In der Arbeitsgruppe „Zerebrale Pathophysiologie“ der Klinik und Poliklinik für Neurochirurgie haben der Physiker Dr. Rupert Faltermeier und Professor Dr. Martin Proescholdt, Leiter des neurochirurgischen Forschungslabors, einen innovativen biophysikalischen Ansatz entwickelt, der es ermöglicht, frühzeitig gefährliche Muster in den Hirndruck-Messwerten neurochirurgischer Patienten zu erkennen.

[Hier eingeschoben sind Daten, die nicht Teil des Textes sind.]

lemma cube_diff_remove:
  fixes J :: "'n::finite set"
  assumes "j \<in> J"
  shows "cube_diff J F x = cube_diff (J - {j}) F (vec_upd x j 1) - cube_diff (J - {j}) F (vec_upd x j (-1))"
  using assms
  by (simp add: cube_diff_def sum_Pow_remove subcube_vertex_insert subcube_vertex_remove
      card_Diff_insert_eq card_Diff_eq_Suc_card_Diff_remove sum_negf)

lemma cube_diff_signed_remove:
  fixes J :: "'n::finite set"
  assumes j: "j \<in> J"
  shows "(\<Sum>A\<in>Pow J. (-1) ^ card (J - A) * F (subcube_vertex J A x) * (if j \<in> A then 1 else -1))
     = cube_diff (J - {j}) F (vec_upd x j 1) + cube_diff (J - {j}) F (vec_upd x j (-1))"
proof -
  have "j \<notin> A" if "A \<in> Pow (J - {j})" for A
    using that by auto
  then show ?thesis
    using j by (simp add: cube_diff_def sum_Pow_remove subcube_vertex_insert subcube_vertex_remove
        card_Diff_insert_eq card_Diff_eq_Suc_card_Diff_remove)
qed

lemma cube_diff_const: "cube_diff J (\<lambda>_. c) x = (if J = {} then c else 0)"
proof (cases "J = {}")
  case True
  then show ?thesis by (simp add: cube_diff_def)
next
  case False
  then obtain j where "j \<in> J" by auto
  with False show ?thesis
    by (simp add: cube_diff_remove) (simp add: cube_diff_def)
qed

lemma cube_diff_eq_0:
  assumes "\<And>y. y \<in> cube_vertices \<Longrightarrow> F y = 0" and "x \<in> cube_vertices"
  shows "cube_diff J F x = 0"
proof -
  have "subcube_vertex J A x \<in> cube_vertices" for A
    using assms(2) by (simp add: cube_vertices_def subcube_vertex_def)
  then show ?thesis
    by (simp add: cube_diff_def assms(1))
qed

lemma inner_subcube_vertex:
  fixes J :: "'n::finite set" and w :: "real ^ 'n"
  assumes "A \<subseteq> J"
  shows "w \<bullet> subcube_vertex J A x
    = (\<Sum>i\<in>J. w $ i * (if i \<in> A then 1 else -1)) + (\<Sum>i\<in>-J. w $ i * x $ i)"
proof -
  have "w \<bullet> subcube_vertex J A x = (\<Sum>i\<in>J \<union> -J. w $ i * subcube_vertex J A x $ i)"
    by (simp add: inner_vec_def)
  also have "\<dots> = (\<Sum>i\<in>J. w $ i * subcube_vertex J A x $ i) + (\<Sum>i\<in>-J. w $ i * subcube_vertex J A x $ i)"
    by (rule sum.union_disjoint) auto
  also have "\<dots> = (\<Sum>i\<in>J. w $ i * (if i \<in> A then 1 else -1)) + (\<Sum>i\<in>-J. w $ i * x $ i)"
    using assms by (intro arg_cong2[where f = "(+)"] sum.cong) (auto simp: subcube_vertex_def)
  finally show ?thesis .
qed

definition cover_poly :: "(nat \<Rightarrow> real ^ 'n) \<Rightarrow> (nat \<Rightarrow> real) \<Rightarrow> nat \<Rightarrow> real ^ 'n \<Rightarrow> real" where
  "cover_poly v mu m x = (\<Prod>i<m. v i \<bullet> x - mu i)"

lemma cube_diff_cover_poly:
  fixes v :: "nat \<Rightarrow> real ^ 'n::finite"
  assumes "m \<le> card J"
  shows "cube_diff J (cover_poly v mu m) x = 2 ^ card J * sqfree_coeff v m J"
  using assms
proof (induction m arbitrary: J x)
  case 0
  have "cover_poly v mu 0 = (\<lambda>_. 1)"
    by (simp add: cover_poly_def fun_eq_iff)
  then show ?case
    by (simp add: cube_diff_const)
next
  case (Suc m)
  define B where "B = (\<Sum>i\<in>-J. v m $ i * x $ i) - mu m"
  define s where "s A = (-1::real) ^ card (J - A) * cover_poly v mu m (subcube_vertex J A x)" for A
  define W where "W i = (\<Sum>A\<in>Pow J. s A * (if i \<in> A then 1 else -1))" for i
  have "cube_diff J (cover_poly v mu (Suc m)) x
      = (\<Sum>A\<in>Pow J. s A * ((\<Sum>i\<in>J. v m $ i * (if i \<in> A then 1 else -1)) + B))"
    unfolding cube_diff_def s_def B_def
    by (intro sum.cong refl) (simp add: cover_poly_def inner_subcube_vertex)
  also have "\<dots> = B * cube_diff J (cover_poly v mu m) x + (\<Sum>i\<in>J. v m $ i * W i)"
    unfolding cube_diff_def W_def s_def
    by (simp add: algebra_simps sum.distrib sum_distrib_left sum_distrib_right sum.swap[of _ J])
  also have "cube_diff J (cover_poly v mu m) x = 0"
    using Suc.IH[of J x] Suc.prems sqfree_coeff_eq_0[of J m v] by simp
  also have "W i = 2 ^ card J * sqfree_coeff v m (J - {i})" if i: "i \<in> J" for i
  proof -
    have "W i = cube_diff (J - {i}) (cover_poly v mu m) (vec_upd x i 1)
        + cube_diff (J - {i}) (cover_poly v mu m) (vec_upd x i (-1))"
      unfolding W_def s_def by (rule cube_diff_signed_remove[OF i])
    moreover have "card J = Suc (card (J - {i}))"
      using i by (simp add: card_Suc_Diff1 del: card_Diff_insert)
    ultimately show ?thesis
      using Suc.IH[of "J - {i}"] Suc.prems by simp
  qed
  then have "(\<Sum>i\<in>J. v m $ i * W i) = 2 ^ card J * (\<Sum>i\<in>J. v m $ i * sqfree_coeff v m (J - {i}))"
    by (simp add: sum_distrib_left algebra_simps)
  finally show ?case
    by simp
qed

lemma cover_poly_vanishes_on_cube:
  assumes "skew_cover k v mu" "x \<in> cube_vertices"
  shows "cover_poly v mu k x = 0"
  using assms by (auto simp: skew_cover_def cover_poly_def)

theorem mainTheorem2:
  fixes v :: "nat \<Rightarrow> real ^ 'n" and mu :: "nat \<Rightarrow> real" and k :: nat
  assumes "skew_cover k v mu"
  shows "real k \<ge> real CARD('n) / 2"
proof (rule ccontr)
  assume "\<not> ?thesis"
  then have below_half: "2 * k < CARD('n)"
    by linarith
  obtain S where S: "sqfree_coeff v k S \<noteq> 0"
    using sqfree_coeff_nonzero[of k v] below_half assms by (auto simp: skew_cover_def)
  then have "card S = k"
    using sqfree_coeff_eq_0 by blast
  define ones :: "real ^ 'n" where "ones = (\<chi> i. 1)"
  have "ones \<in> cube_vertices"
    by (simp add: ones_def cube_vertices_def)
  then have "cube_diff S (cover_poly v mu k) ones = 0"
    using cover_poly_vanishes_on_cube[OF assms] by (intro cube_diff_eq_0)
  moreover have "cube_diff S (cover_poly v mu k) ones = 2 ^ k * sqfree_coeff v k S"
    using cube_diff_cover_poly[of k S v mu ones] \<open>card S = k\<close> by simp
  ultimately show False
    using S by simp
qed

end
text \<open>Integrate \<open>f(2x) - f(x) = \<integral>\<^sub>1\<^sup>2 g(tx)/t dt\<close> over \<open>x\<close> and exchange the integrals: dilation
  turns the left side into \<open>(2\<^sup>-\<^sup>n - 1)\<integral> f\<close> and the right side into \<open>(1 - 2\<^sup>-\<^sup>n)/n \<integral> g\<close>.
  No regularity of \<open>f\<close> at the origin is needed.\<close>

lemma integral_Euler_operator:
  fixes f g :: "'a::euclidean_space \<Rightarrow> real"
  assumes f: "integrable lborel f" and g: "integrable lborel g"
    and ray_deriv: "\<And>x t. x \<noteq> 0 \<Longrightarrow> t \<in> {1..2} \<Longrightarrow>
      ((\<lambda>\<tau>. f (\<tau> *\<^sub>R x)) has_real_derivative g (t *\<^sub>R x) / t) (at t)"
  shows "(\<integral>x. g x \<partial>lborel) = - real DIM('a) * (\<integral>x. f x \<partial>lborel)"
proof -
  define n where "n = DIM('a)"
  have n: "n \<ge> 1"
    by (simp add: n_def DIM_positive Suc_leI)
  have [measurable]: "f \<in> borel_measurable borel"
    using f by auto
  define F where "F t x = indicator {1..2} t * (g (t *\<^sub>R x) / t)" for t x
  have F: "integrable (lborel \<Otimes>\<^sub>M lborel) (\<lambda>(t, x). F t x)"
    unfolding F_def by (rule integrable_dilations_1_2[OF g])
  have ray_integral: "(\<integral>t. F t x \<partial>lborel) = f (2 *\<^sub>R x) - f (1 *\<^sub>R x)"
    if "x \<noteq> 0" and "integrable lborel (\<lambda>t. F t x)" for x
    unfolding F_def using that ray_deriv[OF that(1)]
    by (intro integral_indicator_FTC) (simp_all add: F_def)
  have "(\<lambda>x. \<integral>t. F t x \<partial>lborel) \<in> borel_measurable lborel"
    using lborel_pair.integrable_snd[OF F] by auto
  then have ray_integrals: "(\<integral>x. (\<integral>t. F t x \<partial>lborel) \<partial>lborel) = (\<integral>x. f (2 *\<^sub>R x) - f (1 *\<^sub>R x) \<partial>lborel)"
    using lborel_pair.AE_integrable_snd[OF F] AE_lborel_singleton[of 0]
    by (intro integral_cong_AE) (auto elim!: AE_mp simp: ray_integral)
  have "(\<integral>x. g x \<partial>lborel) * ((1 - 1 / 2 ^ n) / n) = (\<integral>t. (\<integral>x. F t x \<partial>lborel) \<partial>lborel)"
    using integral_dilations_1_2(2)[OF g] by (simp only: F_def n_def)
  also have "\<dots> = (\<integral>x. (\<integral>t. F t x \<partial>lborel) \<partial>lborel)"
    using lborel_pair.Fubini_integral[OF F] by simp
  also have "\<dots> = (\<integral>x. f x \<partial>lborel) / 2 ^ n - (\<integral>x. f x \<partial>lborel)"
    unfolding ray_integrals using integral_lborel_scaleR[of 2 f] f by (simp add: n_def)
  finally have "(\<integral>x. g x \<partial>lborel) / n * (1 - 1 / 2 ^ n) = - (\<integral>x. f x \<partial>lborel) * (1 - 1 / 2 ^ n)"
    using n by (simp add: field_simps)
  moreover have "1 - 1 / 2 ^ n \<noteq> (0::real)"
    using one_less_power[of "2::real" n] n by fastforce
  ultimately have "(\<integral>x. g x \<partial>lborel) / n = - (\<integral>x. f x \<partial>lborel)"
    using mult_right_cancel by blast
  then show ?thesis
    using n by (simp add: n_def field_simps)
qed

Diese Analytik liefert neue Einblicke in den akuten Zustand des Gehirns schwer-verletzter Patienten und stellt einen bedeutenden Fortschritt in der Behandlung neurochirurgischer Intensivpatienten dar.
Neurointensivmedizin stößt an ihre Grenzen
Das intensivmedizinische Personal überwacht in der Regel eine Vielzahl von einzelnen Vitalparametern und Messwerten, um bei kritischen Zuständen schnell reagieren zu können. In der Neurointensivmedizin stößt diese Methode jedoch oft an ihre Grenzen. Patienten mit Schädel – Hirnverletzungen oder mit spontanen Blutungen innerhalb des Schädels sind vor allem durch einen Mechanismus bedroht: Der begrenzte Raum im Schädel führt dazu, dass nachdem die Reserveräume ausgeschöpft sind, der Hirndruck plötzlich und lebensbedrohlich ansteigen kann. Dieser kritische Moment der Dekompensation kann aber anhand einzelner Messwerte nicht vorhergesagt werden. Zum anderen ist bei diesen Patienten unklar, ob die Autoregulation, das heißt die Fähigkeit des Gehirns, eine konstante Durchblutung trotz Schwankungen des Blutdrucks konstant zu halten, noch funktioniert. Diese Ungewissheit stellt eine weitere Herausforderung dar, da ärztlicherseits der Blutdruck reguliert werden muss und bestimmte Krankheitsbilder eine sogar Erhöhung des Blutdrucks erfordern können. Bei einer gestörten Autoregulation kann eine zu hohe Blutdruckeinstellung zu Hirnschwellung und ultimativ Hirndruckkrisen führen. Andererseits kann eine Autoregulationsstörung wiederum an einzelnen Werten nicht erkannt werden.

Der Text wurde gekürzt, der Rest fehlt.